# pasteurizer questions



## BFFPam (Jan 30, 2016)

Do any of you use a home pasteurizer? If so what brand do you have? 
I have been looking at Kleen Flo-but am looking for one I can adjust the temperature-like the Milky-but can I do less than 3.5 gallons? thanks, Pam


----------



## arnie (Apr 26, 2012)

check out ebay there are a few on it for sale


----------



## SmallTimer (Aug 11, 2017)

BFFPam said:


> Do any of you use a home pasteurizer? If so what brand do you have?
> I have been looking at Kleen Flo-but am looking for one I can adjust the temperature-like the Milky-but can I do less than 3.5 gallons? thanks, Pam


I use a Hoegger.
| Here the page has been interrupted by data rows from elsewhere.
(* Let $K\ge 3$, let $m_1<m_2<\cdots<m_K$ be pairwise co-prime positive integers with $m_1\ge 3$, let $M$ be a positive integer, and set $M_k=Mm_k$ for $k=1,\ldots,K$. Then $$D_2(M_1,\ldots,M_K)=Md,\qquad\text{where}\qquad d=\min_{I\subseteq\{1,\ldots,K\}}\Big\{\prod_{i\in I}m_i+\prod_{i\in\overline I}m_i\Big\},$$ with $\overline I=\{1,\ldots,K\}\setminus I$ and the empty product equal to $1$.
   Context: For a positive integer $n$ and an integer $x$, $\langle x\rangle_n$ denotes the remainder of $x$ modulo $n$, in $\{0,\ldots,n-1\}$, and $\mathbb Z_n=\{0,1,\ldots,n-1\}$. An $L$-set is a set with exactly $L$ elements. For a finite set $\mathcal A$ of nonnegative integers and a modulus $n_k$, the residue set is $R_k(\mathcal A)=\{\langle a\rangle_{n_k}: a\in\mathcal A\}$ (an unordered set, so repetitions collapse). For a modulus set $\mathcal N=\{n_1,\ldots,n_K\}$, the dynamic range $D_L(\mathcal N)=D_L(n_1,\ldots,n_K)$ is the minimal positive integer $D$ such that there exist two different $L$-sets $\mathcal A,\mathcal B\subseteq\mathbb Z_{D+1}$ with $R_k(\mathcal A)=R_k(\mathcal B)$ for every $k=1,\ldots,K$ (residues taken modulo $n_k$). *)

theory Defs
  imports Main
begin

definition residue_set :: "nat \<Rightarrow> nat set \<Rightarrow> nat set" where
  "residue_set n A = (\<lambda>a. a mod n) ` A"

definition dynamic_range :: "nat \<Rightarrow> nat \<Rightarrow> (nat \<Rightarrow> nat) \<Rightarrow> nat" where
  "dynamic_range L K n = (LEAST D. 0 < D \<and>
     (\<exists>A B. A \<noteq> B \<and> card A = L \<and> card B = L \<and> A \<subseteq> {0..D} \<and> B \<subseteq> {0..D} \<and>
        (\<forall>k\<in>{1..K}. residue_set (n k) A = residue_set (n k) B)))"

end

theory Submission
  imports Defs
begin

text \<open>Write P I for the product of the m i over I and I' for the complement of I.
  Two pairs {a1, a2}, {b1, b2} with equal residue sets modulo M m k are matched either
  straight (a1 \<equiv> b1, a2 \<equiv> b2) or crossed (a1 \<equiv> b2, a2 \<equiv> b1) modulo each M m k.
  If I collects the straight indices, coprimality makes a1 - b1 and a2 - b2 divisible by
  M P I and a1 - b2, a2 - b1 divisible by M P I'. Then either both divide a1 + a2 - b1 - b2 \<noteq> 0,
  so 2 D \<ge> M P I P I' \<ge> 2 M d, or a1 - b1 and a1 - b2 have absolute values summing to at
  most D, so D \<ge> M (P I + P I') \<ge> M d. Conversely, for a minimising I the pairs
  {0, M (P I + P I')} and {M P I, M P I'} have equal residue sets.\<close>

lemma residue_set_doubleton_eqD:
  assumes "residue_set n {a1, a2} = residue_set n {b1, b2}"
  shows "a1 mod n = b1 mod n \<and> a2 mod n = b2 mod n \<or> a1 mod n = b2 mod n \<and> a2 mod n = b1 mod n"
  using assms unfolding residue_set_def by (simp add: doubleton_eq_iff)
It's the same one that's in this video and it does about 2 gallons at a time:


----------



## Evons hubby (Oct 3, 2005)

When I was finishing out my last two years if high school I lived with my dads uncle and aunt that had a dairy cow. Unk would bring the milk in and she would strain and filter it immediately, then using a stainless steel dish pan she would heat it on the cook stove. I know she used a thermometer and egg timer but at that point in my life it wasn't all that interested so have no idea as to how hot or how long she simmered it. I do remember she was always careful to not scorch or boil it though. Some was then put in the fridge for drinking, some went into large stoneware crocks and set in the basement to skim the cream off later. Some would be turned into butter, unk liked the butter milk, whey went to the chickens, cottage cheese and sour cream was always plentiful. I learned a lot from them purely through osmosis but I wish now I had paid closer attention to those folks, they were the real deal when it comes to the homesteading lifestyle.


----------